TASK TO CARRY OUT ->
Lines to return, exactly: from the line with "mod n)), max" to the line with "c (circuit_edge n" in the entries below, both included.

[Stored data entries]
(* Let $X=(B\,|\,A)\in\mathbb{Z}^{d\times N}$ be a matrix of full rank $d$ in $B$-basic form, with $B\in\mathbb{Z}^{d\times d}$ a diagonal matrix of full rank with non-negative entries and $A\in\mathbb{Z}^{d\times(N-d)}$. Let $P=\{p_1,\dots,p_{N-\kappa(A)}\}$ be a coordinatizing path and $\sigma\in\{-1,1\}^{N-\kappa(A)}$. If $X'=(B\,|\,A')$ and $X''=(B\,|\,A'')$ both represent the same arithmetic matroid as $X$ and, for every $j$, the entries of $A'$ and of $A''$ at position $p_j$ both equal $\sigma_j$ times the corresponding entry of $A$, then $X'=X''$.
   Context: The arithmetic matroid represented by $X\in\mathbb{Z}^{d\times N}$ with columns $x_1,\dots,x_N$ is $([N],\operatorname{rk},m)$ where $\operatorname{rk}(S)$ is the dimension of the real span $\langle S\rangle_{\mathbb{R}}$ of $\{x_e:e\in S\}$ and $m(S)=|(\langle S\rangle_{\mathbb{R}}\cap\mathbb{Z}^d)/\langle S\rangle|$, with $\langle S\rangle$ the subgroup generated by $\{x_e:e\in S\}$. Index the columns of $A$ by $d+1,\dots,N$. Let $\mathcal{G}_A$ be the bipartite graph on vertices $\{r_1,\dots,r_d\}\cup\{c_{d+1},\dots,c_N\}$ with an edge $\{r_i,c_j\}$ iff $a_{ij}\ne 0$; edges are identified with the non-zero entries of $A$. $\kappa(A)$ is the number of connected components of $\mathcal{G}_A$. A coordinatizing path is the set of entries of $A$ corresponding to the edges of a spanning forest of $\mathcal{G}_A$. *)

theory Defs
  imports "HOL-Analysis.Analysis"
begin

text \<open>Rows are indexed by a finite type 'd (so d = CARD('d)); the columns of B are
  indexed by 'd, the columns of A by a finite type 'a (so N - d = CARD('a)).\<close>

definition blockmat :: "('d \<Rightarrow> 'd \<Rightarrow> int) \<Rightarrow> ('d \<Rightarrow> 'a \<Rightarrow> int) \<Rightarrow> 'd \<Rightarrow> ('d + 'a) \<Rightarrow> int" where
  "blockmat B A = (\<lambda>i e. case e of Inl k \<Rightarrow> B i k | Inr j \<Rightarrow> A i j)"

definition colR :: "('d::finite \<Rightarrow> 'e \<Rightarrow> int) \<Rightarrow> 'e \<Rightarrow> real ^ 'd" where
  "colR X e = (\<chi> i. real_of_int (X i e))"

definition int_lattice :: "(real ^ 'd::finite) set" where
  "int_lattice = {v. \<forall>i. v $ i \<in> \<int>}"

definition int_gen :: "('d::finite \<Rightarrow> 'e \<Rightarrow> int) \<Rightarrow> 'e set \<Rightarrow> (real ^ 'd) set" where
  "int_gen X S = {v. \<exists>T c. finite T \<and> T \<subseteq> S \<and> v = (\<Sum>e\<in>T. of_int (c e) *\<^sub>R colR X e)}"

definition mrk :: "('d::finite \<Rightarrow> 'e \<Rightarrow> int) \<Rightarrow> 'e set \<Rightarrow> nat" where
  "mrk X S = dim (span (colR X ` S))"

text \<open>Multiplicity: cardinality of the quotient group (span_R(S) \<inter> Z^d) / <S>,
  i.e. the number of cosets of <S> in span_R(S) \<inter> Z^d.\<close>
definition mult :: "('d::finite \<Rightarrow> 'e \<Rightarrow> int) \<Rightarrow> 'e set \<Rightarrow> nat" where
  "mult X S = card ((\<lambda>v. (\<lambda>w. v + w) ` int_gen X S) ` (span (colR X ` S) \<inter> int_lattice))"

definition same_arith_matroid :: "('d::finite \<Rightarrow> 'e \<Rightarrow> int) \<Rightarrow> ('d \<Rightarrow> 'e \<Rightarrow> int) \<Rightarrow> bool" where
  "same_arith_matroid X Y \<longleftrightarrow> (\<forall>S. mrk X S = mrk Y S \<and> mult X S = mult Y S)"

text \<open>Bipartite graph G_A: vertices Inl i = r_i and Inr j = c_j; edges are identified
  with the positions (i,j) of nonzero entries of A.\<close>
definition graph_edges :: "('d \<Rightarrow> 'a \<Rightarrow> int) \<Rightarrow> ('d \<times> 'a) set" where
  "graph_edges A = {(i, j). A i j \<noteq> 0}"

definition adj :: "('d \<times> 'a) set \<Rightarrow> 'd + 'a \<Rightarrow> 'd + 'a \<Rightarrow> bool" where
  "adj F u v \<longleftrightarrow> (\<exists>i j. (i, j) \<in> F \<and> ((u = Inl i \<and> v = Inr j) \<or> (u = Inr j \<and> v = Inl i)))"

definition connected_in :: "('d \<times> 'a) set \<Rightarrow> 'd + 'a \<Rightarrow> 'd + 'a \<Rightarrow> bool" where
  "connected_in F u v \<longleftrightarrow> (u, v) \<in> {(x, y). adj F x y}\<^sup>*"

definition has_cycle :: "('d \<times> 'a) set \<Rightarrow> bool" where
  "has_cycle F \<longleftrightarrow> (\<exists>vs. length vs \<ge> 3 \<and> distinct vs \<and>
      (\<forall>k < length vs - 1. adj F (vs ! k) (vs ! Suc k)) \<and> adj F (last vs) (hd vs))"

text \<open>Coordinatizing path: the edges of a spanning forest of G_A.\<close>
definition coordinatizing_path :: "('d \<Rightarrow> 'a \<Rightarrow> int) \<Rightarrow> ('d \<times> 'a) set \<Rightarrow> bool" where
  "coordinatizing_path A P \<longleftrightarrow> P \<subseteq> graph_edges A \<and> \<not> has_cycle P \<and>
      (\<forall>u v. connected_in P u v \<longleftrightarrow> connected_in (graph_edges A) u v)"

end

* * *

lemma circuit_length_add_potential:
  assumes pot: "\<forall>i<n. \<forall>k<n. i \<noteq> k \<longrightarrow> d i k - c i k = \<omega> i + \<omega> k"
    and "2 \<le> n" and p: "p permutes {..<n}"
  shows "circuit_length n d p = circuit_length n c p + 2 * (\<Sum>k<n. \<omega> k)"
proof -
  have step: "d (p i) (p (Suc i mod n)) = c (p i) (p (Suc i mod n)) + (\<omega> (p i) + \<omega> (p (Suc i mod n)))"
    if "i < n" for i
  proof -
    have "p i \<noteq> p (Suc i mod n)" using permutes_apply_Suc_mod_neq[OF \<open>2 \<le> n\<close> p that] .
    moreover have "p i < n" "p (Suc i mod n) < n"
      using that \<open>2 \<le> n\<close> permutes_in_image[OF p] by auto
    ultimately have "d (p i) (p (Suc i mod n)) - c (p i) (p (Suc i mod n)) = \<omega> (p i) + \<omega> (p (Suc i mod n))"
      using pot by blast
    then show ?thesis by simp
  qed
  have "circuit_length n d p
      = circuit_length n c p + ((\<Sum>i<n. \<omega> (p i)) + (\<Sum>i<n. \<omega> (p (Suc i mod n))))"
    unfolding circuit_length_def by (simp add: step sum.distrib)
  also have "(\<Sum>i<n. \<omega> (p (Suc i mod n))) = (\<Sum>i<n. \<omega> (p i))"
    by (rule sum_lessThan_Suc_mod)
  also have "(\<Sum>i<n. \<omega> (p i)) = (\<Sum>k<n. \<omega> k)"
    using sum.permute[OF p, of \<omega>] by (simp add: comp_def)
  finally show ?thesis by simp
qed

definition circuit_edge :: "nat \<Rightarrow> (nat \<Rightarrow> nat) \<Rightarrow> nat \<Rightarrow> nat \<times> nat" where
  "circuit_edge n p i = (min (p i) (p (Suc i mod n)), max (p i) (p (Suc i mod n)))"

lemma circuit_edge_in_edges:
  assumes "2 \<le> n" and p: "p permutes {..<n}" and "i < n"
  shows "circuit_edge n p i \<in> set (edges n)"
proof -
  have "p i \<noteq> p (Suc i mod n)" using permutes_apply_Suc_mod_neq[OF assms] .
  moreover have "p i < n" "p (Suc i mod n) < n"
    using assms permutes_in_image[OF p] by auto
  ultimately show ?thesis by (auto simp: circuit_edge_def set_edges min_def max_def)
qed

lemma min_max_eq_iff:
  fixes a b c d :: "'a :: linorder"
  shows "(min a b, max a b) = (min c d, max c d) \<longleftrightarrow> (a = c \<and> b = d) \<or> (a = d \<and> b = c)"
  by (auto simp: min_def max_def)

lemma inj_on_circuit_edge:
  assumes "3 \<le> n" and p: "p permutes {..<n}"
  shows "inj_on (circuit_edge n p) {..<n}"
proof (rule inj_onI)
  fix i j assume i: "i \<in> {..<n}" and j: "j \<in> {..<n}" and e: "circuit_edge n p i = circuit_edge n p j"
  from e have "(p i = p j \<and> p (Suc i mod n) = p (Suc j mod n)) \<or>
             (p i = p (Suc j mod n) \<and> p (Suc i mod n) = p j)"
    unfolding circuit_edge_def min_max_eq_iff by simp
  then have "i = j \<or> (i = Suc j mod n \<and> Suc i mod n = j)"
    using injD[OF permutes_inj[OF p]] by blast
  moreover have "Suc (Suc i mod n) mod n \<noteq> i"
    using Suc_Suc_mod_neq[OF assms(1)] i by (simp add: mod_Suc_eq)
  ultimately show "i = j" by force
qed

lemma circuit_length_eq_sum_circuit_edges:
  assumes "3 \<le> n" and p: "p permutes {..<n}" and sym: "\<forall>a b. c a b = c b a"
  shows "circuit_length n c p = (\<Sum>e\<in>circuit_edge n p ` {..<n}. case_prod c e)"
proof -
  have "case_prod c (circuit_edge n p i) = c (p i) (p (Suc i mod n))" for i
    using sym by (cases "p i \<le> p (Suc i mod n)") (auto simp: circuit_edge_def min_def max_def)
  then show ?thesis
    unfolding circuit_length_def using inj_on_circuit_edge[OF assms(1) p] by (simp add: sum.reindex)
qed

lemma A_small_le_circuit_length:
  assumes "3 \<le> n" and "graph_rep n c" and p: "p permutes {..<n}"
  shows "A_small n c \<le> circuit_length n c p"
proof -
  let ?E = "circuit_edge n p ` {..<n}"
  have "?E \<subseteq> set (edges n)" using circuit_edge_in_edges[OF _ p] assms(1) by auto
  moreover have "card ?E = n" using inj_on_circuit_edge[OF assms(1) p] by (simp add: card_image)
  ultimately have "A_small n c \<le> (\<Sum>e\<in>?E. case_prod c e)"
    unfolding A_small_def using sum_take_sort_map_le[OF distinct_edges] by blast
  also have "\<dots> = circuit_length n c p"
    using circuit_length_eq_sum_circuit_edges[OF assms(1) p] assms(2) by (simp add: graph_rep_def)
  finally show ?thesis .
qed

---

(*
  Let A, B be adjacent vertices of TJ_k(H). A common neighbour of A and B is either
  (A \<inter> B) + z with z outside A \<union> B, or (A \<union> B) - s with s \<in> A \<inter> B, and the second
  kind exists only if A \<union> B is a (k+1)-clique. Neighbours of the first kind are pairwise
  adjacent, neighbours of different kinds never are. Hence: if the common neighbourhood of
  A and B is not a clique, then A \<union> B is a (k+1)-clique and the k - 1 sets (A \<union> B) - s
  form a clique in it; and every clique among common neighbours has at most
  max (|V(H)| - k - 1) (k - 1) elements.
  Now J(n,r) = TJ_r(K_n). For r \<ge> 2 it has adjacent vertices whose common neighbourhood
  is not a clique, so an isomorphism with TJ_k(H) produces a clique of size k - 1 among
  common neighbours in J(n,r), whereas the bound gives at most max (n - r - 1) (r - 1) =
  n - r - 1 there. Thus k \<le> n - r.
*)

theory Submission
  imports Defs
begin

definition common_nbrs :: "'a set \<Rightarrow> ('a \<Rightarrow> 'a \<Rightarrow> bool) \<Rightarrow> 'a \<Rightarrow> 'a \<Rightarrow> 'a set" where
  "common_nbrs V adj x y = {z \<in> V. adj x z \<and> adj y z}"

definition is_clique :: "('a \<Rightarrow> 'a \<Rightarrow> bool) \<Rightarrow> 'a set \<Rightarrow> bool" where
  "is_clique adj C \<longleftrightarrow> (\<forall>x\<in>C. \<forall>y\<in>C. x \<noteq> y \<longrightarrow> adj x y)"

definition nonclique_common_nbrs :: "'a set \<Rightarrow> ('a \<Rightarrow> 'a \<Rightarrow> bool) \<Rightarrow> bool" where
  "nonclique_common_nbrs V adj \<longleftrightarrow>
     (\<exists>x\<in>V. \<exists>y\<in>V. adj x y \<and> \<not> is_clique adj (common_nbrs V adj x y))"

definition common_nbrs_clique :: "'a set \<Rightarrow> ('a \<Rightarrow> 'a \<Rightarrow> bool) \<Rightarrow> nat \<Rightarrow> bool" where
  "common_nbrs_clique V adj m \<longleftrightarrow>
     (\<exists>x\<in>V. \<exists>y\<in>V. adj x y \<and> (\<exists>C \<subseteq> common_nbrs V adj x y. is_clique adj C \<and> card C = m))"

FINISHED TASK ->
  "circuit_edge n p i = (min (p i) (p (Suc i mod n)), max (p i) (p (Suc i mod n)))"

lemma circuit_edge_in_edges:
  assumes "2 \<le> n" and p: "p permutes {..<n}" and "i < n"
  shows "circuit_edge n p i \<in> set (edges n)"
proof -
  have "p i \<noteq> p (Suc i mod n)" using permutes_apply_Suc_mod_neq[OF assms] .
  moreover have "p i < n" "p (Suc i mod n) < n"
    using assms permutes_in_image[OF p] by auto
  ultimately show ?thesis by (auto simp: circuit_edge_def set_edges min_def max_def)
qed

lemma min_max_eq_iff:
  fixes a b c d :: "'a :: linorder"
  shows "(min a b, max a b) = (min c d, max c d) \<longleftrightarrow> (a = c \<and> b = d) \<or> (a = d \<and> b = c)"
  by (auto simp: min_def max_def)

lemma inj_on_circuit_edge:
  assumes "3 \<le> n" and p: "p permutes {..<n}"
  shows "inj_on (circuit_edge n p) {..<n}"
proof (rule inj_onI)
  fix i j assume i: "i \<in> {..<n}" and j: "j \<in> {..<n}" and e: "circuit_edge n p i = circuit_edge n p j"
  from e have "(p i = p j \<and> p (Suc i mod n) = p (Suc j mod n)) \<or>
             (p i = p (Suc j mod n) \<and> p (Suc i mod n) = p j)"
    unfolding circuit_edge_def min_max_eq_iff by simp
  then have "i = j \<or> (i = Suc j mod n \<and> Suc i mod n = j)"
    using injD[OF permutes_inj[OF p]] by blast
  moreover have "Suc (Suc i mod n) mod n \<noteq> i"
    using Suc_Suc_mod_neq[OF assms(1)] i by (simp add: mod_Suc_eq)
  ultimately show "i = j" by force
qed

lemma circuit_length_eq_sum_circuit_edges:
  assumes "3 \<le> n" and p: "p permutes {..<n}" and sym: "\<forall>a b. c a b = c b a"
  shows "circuit_length n c p = (\<Sum>e\<in>circuit_edge n p ` {..<n}. case_prod c e)"
proof -
  have "case_prod c (circuit_edge n p i) = c (p i) (p (Suc i mod n))" for i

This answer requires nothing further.